-- WHAT THE EXERCISE ASKS --
Return exactly the lines of the records below, starting at the line that contains "f (n = 3f+1)" and ending at the line that contains "text \<open>Preorder depth-first", with both of those lines kept.

*** Block opens ***

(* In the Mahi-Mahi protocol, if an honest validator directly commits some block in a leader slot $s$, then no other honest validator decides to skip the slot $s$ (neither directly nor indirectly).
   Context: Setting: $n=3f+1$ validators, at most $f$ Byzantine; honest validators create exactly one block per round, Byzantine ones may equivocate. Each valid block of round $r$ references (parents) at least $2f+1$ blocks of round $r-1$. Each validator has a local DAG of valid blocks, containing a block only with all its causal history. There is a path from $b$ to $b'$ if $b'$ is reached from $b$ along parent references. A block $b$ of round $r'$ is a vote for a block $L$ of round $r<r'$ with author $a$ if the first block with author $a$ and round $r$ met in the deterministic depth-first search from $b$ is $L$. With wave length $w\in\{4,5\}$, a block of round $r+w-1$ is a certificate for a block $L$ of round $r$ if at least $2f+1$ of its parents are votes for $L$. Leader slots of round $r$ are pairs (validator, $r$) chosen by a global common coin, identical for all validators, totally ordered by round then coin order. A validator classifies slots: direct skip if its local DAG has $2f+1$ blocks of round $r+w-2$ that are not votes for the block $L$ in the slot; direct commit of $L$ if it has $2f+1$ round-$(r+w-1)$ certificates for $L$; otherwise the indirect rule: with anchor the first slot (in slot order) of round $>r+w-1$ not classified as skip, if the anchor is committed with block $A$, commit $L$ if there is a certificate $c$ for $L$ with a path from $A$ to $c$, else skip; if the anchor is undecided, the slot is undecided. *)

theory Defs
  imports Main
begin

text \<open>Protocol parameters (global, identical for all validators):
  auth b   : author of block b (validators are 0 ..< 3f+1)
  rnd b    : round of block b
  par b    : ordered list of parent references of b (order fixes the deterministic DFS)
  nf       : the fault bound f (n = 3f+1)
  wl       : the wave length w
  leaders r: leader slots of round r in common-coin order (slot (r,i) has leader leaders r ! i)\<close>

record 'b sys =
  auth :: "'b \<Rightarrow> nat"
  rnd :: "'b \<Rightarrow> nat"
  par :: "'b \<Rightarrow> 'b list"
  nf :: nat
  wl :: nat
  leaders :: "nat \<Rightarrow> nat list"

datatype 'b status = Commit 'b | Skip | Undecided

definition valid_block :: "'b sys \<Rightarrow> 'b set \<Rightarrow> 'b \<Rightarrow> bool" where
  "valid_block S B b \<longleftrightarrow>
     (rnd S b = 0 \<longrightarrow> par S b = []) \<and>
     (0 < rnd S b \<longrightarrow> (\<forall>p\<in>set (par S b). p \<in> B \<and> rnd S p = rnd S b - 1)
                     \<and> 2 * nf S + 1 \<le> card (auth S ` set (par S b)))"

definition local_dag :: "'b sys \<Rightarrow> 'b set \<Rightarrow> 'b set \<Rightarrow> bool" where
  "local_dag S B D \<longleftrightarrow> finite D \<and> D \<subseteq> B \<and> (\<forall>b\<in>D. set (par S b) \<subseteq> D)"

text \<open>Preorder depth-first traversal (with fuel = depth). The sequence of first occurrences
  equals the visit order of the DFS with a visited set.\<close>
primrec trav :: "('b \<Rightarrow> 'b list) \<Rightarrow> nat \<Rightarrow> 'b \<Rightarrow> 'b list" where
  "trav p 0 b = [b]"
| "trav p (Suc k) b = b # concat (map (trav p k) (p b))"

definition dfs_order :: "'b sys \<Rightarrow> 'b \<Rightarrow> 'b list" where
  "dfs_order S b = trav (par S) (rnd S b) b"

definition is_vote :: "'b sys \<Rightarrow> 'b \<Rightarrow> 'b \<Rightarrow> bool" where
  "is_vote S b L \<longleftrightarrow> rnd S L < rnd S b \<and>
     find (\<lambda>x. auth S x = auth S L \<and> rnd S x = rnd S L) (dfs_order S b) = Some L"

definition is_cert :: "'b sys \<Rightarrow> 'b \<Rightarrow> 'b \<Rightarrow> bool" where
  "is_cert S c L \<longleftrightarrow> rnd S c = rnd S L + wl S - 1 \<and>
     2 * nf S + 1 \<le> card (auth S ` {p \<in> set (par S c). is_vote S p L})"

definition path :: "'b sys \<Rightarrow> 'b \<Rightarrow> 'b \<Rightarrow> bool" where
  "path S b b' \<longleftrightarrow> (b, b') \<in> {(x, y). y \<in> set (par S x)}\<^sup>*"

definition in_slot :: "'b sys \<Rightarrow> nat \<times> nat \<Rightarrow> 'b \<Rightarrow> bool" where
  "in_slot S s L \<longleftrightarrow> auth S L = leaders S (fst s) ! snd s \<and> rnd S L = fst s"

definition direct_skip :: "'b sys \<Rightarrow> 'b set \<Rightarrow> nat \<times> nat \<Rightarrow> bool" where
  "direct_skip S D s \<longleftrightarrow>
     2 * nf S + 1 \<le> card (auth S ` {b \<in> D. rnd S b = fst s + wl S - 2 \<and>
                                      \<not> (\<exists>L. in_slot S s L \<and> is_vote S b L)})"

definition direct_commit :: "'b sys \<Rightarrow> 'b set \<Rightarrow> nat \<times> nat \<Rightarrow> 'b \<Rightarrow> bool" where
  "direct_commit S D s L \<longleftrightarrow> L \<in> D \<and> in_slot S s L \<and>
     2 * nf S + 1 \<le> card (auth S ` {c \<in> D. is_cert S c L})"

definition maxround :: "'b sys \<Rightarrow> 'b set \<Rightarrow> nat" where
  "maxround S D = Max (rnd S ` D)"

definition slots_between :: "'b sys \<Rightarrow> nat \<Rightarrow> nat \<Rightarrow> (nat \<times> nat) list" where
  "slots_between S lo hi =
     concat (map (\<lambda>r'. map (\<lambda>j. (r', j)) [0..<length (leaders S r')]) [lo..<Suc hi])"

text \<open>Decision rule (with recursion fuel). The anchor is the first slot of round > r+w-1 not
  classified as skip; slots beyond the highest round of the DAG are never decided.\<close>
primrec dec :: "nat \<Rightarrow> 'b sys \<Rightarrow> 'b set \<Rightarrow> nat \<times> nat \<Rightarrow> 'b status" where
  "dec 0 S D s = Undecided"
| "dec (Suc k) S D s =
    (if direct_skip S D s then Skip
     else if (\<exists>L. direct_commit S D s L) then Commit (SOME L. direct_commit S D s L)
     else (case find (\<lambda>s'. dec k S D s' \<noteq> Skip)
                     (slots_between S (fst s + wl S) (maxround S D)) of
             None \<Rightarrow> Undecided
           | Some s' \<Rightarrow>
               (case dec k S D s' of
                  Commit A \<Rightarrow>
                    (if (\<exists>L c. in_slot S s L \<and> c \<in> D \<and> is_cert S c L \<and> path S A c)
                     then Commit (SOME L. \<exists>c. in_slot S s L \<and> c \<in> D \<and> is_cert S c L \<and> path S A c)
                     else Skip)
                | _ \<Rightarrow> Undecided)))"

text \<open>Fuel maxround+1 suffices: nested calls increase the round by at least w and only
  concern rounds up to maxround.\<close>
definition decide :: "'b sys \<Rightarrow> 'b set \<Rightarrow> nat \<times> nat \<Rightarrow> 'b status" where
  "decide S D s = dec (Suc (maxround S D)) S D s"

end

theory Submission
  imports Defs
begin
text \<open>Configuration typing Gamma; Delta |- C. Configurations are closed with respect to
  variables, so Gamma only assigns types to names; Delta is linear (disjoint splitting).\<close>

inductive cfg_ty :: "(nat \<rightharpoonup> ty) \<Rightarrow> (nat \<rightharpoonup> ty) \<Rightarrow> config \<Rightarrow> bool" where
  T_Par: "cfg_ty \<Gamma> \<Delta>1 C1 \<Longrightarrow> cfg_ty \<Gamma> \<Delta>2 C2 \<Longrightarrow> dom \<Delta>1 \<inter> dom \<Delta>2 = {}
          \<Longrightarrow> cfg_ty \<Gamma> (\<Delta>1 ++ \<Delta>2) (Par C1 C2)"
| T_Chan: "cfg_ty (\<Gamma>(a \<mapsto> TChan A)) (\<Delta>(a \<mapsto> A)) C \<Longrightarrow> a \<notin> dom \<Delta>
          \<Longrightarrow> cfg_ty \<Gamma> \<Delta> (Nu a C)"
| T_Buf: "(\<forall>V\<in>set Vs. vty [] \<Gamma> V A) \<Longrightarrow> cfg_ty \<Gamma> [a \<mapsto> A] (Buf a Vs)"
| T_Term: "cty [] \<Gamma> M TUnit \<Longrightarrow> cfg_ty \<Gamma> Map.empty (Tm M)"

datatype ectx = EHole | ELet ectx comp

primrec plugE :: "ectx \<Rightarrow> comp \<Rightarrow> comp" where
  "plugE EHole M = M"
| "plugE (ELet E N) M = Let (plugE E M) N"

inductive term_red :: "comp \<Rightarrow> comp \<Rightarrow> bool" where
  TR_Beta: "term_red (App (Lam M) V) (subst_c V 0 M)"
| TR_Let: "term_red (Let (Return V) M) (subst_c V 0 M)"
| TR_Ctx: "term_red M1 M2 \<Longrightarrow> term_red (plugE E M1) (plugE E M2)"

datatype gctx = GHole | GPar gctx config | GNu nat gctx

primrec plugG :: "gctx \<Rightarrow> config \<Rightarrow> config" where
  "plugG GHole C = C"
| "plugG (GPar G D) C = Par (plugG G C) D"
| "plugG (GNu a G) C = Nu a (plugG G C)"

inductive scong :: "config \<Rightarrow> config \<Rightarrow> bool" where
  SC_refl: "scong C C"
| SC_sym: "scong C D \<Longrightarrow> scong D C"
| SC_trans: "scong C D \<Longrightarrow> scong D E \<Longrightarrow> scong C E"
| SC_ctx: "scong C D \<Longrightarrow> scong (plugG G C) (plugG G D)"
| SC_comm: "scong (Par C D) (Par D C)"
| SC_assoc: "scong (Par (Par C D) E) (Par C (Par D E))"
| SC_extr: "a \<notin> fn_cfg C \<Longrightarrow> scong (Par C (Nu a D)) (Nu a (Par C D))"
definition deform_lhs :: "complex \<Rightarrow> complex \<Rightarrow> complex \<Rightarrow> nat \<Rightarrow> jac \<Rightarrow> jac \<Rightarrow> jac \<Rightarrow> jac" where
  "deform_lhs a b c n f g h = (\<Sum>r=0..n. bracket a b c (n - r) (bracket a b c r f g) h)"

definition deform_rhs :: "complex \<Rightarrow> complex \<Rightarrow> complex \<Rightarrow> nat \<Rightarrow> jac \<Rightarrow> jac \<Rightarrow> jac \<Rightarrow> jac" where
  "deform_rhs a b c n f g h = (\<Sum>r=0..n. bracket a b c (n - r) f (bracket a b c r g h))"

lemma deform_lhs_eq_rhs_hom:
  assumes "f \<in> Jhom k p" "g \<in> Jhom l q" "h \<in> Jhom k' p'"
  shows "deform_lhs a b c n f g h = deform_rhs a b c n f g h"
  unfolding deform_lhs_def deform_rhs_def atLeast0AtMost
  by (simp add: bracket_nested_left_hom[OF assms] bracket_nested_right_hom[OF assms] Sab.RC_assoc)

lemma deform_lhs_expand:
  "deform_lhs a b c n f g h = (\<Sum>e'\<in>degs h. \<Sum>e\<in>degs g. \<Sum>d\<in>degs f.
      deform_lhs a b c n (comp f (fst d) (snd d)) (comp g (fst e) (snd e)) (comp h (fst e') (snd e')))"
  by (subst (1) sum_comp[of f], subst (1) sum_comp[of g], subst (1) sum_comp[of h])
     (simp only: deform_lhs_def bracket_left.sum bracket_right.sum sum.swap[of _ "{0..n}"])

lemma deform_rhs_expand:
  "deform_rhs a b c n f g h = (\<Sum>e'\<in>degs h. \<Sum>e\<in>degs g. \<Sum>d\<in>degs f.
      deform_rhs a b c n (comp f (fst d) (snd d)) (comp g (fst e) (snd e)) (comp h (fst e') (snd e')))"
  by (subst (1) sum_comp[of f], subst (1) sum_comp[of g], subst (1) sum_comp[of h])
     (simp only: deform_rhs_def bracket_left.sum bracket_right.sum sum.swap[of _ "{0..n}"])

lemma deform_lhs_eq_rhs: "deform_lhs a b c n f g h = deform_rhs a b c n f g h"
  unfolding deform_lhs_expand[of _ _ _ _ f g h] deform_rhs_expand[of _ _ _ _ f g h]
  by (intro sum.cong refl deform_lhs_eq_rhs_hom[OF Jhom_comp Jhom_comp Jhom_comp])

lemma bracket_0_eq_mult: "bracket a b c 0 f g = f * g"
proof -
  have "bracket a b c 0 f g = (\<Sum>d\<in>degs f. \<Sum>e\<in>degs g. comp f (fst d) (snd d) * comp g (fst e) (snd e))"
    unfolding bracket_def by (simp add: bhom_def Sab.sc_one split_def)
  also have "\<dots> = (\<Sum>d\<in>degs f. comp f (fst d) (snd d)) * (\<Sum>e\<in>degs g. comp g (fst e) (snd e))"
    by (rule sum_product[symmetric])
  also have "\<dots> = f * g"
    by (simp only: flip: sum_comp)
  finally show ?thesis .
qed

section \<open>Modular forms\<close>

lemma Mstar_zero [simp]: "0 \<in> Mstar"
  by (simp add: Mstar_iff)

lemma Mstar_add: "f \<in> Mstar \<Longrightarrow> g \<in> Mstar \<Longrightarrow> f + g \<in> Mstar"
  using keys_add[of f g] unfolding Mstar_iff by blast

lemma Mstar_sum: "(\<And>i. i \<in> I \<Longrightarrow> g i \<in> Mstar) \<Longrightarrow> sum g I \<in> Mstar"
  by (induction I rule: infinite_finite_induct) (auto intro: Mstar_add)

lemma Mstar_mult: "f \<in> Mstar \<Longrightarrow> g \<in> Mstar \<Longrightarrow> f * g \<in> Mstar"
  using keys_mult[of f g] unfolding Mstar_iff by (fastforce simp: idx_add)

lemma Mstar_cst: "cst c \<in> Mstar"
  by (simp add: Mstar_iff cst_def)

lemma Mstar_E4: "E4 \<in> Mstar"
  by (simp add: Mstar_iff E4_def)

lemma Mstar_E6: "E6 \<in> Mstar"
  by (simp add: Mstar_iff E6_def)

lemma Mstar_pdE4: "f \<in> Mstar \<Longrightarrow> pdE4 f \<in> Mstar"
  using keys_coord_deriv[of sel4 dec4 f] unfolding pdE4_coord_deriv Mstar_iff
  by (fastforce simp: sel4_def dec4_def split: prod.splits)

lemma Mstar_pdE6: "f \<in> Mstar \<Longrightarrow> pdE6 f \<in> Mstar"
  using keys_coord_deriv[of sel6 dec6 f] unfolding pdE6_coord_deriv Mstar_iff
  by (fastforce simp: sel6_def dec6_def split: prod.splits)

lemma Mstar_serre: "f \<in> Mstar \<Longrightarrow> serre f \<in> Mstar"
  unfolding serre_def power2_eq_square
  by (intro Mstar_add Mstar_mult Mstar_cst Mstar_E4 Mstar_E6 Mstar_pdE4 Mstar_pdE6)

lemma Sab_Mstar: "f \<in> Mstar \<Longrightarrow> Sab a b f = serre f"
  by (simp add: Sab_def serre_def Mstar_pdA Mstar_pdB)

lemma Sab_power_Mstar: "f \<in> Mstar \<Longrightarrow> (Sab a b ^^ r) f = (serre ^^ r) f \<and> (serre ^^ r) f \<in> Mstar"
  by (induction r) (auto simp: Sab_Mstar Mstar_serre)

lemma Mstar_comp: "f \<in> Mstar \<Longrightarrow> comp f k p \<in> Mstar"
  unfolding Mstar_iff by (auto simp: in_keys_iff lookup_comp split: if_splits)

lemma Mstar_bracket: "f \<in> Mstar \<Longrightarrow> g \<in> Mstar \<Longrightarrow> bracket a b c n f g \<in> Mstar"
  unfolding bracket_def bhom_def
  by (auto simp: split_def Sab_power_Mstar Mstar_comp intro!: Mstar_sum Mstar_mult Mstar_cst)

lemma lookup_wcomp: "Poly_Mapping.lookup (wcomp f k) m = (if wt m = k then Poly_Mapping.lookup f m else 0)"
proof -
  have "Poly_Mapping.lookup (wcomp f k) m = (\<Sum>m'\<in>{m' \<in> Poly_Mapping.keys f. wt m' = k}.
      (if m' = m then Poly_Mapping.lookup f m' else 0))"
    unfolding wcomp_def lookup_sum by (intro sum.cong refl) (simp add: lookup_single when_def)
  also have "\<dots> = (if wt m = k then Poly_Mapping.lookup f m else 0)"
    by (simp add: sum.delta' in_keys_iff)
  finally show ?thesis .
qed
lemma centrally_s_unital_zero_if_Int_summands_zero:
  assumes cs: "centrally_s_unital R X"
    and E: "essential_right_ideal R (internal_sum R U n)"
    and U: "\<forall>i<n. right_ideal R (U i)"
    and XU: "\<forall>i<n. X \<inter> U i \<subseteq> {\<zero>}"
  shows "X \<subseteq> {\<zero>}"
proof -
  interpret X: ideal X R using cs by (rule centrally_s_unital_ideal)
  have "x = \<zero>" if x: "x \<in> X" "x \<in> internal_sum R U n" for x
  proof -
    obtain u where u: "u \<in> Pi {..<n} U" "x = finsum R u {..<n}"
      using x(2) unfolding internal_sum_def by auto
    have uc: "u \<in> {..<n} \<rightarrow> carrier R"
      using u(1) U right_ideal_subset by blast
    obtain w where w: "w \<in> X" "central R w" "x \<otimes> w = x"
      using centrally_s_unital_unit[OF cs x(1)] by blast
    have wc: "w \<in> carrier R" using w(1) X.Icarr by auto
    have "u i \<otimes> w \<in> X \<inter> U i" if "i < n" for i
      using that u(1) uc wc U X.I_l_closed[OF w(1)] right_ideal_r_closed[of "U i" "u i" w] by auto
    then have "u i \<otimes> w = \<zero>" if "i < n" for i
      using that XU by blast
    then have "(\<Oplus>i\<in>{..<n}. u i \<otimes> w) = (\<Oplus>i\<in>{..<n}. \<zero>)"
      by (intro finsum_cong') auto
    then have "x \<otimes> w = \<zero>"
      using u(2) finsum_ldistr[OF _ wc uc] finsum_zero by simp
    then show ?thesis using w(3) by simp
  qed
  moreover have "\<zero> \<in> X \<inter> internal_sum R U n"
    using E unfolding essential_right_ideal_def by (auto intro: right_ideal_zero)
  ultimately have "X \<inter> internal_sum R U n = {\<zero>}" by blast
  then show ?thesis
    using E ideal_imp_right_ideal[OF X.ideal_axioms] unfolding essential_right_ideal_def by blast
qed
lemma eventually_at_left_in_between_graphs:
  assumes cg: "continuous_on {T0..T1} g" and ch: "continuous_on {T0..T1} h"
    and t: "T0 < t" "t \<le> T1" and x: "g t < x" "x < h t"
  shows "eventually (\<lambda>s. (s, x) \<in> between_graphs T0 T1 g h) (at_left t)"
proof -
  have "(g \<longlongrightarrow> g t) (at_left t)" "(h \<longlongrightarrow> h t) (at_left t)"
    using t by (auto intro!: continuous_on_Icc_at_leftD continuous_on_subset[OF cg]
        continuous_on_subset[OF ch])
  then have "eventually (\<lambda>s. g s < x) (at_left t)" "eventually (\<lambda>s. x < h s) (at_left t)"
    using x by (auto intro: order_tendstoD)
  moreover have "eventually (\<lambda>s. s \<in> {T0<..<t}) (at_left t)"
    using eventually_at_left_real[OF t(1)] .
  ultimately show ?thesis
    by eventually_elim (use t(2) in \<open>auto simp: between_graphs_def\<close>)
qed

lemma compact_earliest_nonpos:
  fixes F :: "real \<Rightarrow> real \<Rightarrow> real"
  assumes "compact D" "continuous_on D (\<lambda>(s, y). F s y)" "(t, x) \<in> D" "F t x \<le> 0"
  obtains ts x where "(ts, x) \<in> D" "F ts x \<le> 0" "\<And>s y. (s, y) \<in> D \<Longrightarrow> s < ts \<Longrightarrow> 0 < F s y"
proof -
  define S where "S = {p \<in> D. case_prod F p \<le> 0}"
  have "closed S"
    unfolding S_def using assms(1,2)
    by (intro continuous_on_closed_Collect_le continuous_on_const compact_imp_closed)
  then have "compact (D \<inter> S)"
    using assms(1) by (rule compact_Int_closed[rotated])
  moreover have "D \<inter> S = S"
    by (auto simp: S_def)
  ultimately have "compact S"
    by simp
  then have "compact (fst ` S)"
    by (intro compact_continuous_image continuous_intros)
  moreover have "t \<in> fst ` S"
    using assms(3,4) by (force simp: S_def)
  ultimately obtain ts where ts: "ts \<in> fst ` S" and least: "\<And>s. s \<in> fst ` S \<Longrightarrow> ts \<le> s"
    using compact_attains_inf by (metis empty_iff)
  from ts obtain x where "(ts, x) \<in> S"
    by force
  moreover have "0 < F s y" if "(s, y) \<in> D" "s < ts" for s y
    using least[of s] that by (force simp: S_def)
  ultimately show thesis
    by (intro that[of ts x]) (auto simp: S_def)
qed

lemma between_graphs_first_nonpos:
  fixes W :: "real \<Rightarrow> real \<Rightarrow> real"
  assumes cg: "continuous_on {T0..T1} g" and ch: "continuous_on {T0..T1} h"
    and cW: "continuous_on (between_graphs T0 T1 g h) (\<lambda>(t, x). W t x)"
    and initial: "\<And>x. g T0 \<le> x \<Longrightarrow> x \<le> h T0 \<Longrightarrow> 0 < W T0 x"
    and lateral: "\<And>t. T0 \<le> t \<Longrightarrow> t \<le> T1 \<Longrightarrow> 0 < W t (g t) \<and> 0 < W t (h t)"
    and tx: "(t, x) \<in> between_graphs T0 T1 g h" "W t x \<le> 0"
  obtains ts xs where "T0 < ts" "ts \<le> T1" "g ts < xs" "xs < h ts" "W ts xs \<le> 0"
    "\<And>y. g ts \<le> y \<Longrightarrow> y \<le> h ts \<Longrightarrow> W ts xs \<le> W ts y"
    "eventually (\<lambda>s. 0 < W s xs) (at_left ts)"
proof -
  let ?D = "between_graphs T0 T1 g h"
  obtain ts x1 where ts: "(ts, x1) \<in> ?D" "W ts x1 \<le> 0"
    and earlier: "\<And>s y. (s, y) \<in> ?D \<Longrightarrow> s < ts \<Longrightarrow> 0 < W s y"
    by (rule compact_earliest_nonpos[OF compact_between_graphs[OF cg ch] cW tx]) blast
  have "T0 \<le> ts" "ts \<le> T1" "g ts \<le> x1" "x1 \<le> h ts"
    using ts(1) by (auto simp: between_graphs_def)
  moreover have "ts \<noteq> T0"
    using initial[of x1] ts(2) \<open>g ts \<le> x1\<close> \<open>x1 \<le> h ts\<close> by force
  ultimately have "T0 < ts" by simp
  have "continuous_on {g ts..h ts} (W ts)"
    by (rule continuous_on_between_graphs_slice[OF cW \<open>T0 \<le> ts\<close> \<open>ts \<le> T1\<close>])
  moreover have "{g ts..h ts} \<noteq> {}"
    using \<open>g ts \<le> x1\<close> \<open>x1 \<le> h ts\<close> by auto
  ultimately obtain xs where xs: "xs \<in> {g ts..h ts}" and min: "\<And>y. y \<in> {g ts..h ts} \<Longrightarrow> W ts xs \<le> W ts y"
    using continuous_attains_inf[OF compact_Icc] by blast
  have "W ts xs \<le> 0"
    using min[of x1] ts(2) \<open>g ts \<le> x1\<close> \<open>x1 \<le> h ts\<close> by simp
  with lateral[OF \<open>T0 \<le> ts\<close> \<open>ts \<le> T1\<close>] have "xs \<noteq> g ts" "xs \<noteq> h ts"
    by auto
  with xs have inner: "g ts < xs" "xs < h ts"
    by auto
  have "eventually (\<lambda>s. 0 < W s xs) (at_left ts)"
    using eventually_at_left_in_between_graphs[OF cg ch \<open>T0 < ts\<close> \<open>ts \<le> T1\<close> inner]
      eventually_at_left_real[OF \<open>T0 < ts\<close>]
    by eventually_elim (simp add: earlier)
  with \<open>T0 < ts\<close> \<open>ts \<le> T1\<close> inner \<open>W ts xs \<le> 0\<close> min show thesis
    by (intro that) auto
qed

*** Block closes ***

-- REPLY --
  nf       : the fault bound f (n = 3f+1)
  wl       : the wave length w
  leaders r: leader slots of round r in common-coin order (slot (r,i) has leader leaders r ! i)\<close>

record 'b sys =
  auth :: "'b \<Rightarrow> nat"
  rnd :: "'b \<Rightarrow> nat"
  par :: "'b \<Rightarrow> 'b list"
  nf :: nat
  wl :: nat
  leaders :: "nat \<Rightarrow> nat list"

datatype 'b status = Commit 'b | Skip | Undecided

definition valid_block :: "'b sys \<Rightarrow> 'b set \<Rightarrow> 'b \<Rightarrow> bool" where
  "valid_block S B b \<longleftrightarrow>
     (rnd S b = 0 \<longrightarrow> par S b = []) \<and>
     (0 < rnd S b \<longrightarrow> (\<forall>p\<in>set (par S b). p \<in> B \<and> rnd S p = rnd S b - 1)
                     \<and> 2 * nf S + 1 \<le> card (auth S ` set (par S b)))"

definition local_dag :: "'b sys \<Rightarrow> 'b set \<Rightarrow> 'b set \<Rightarrow> bool" where
  "local_dag S B D \<longleftrightarrow> finite D \<and> D \<subseteq> B \<and> (\<forall>b\<in>D. set (par S b) \<subseteq> D)"

text \<open>Preorder depth-first traversal (with fuel = depth). The sequence of first occurrences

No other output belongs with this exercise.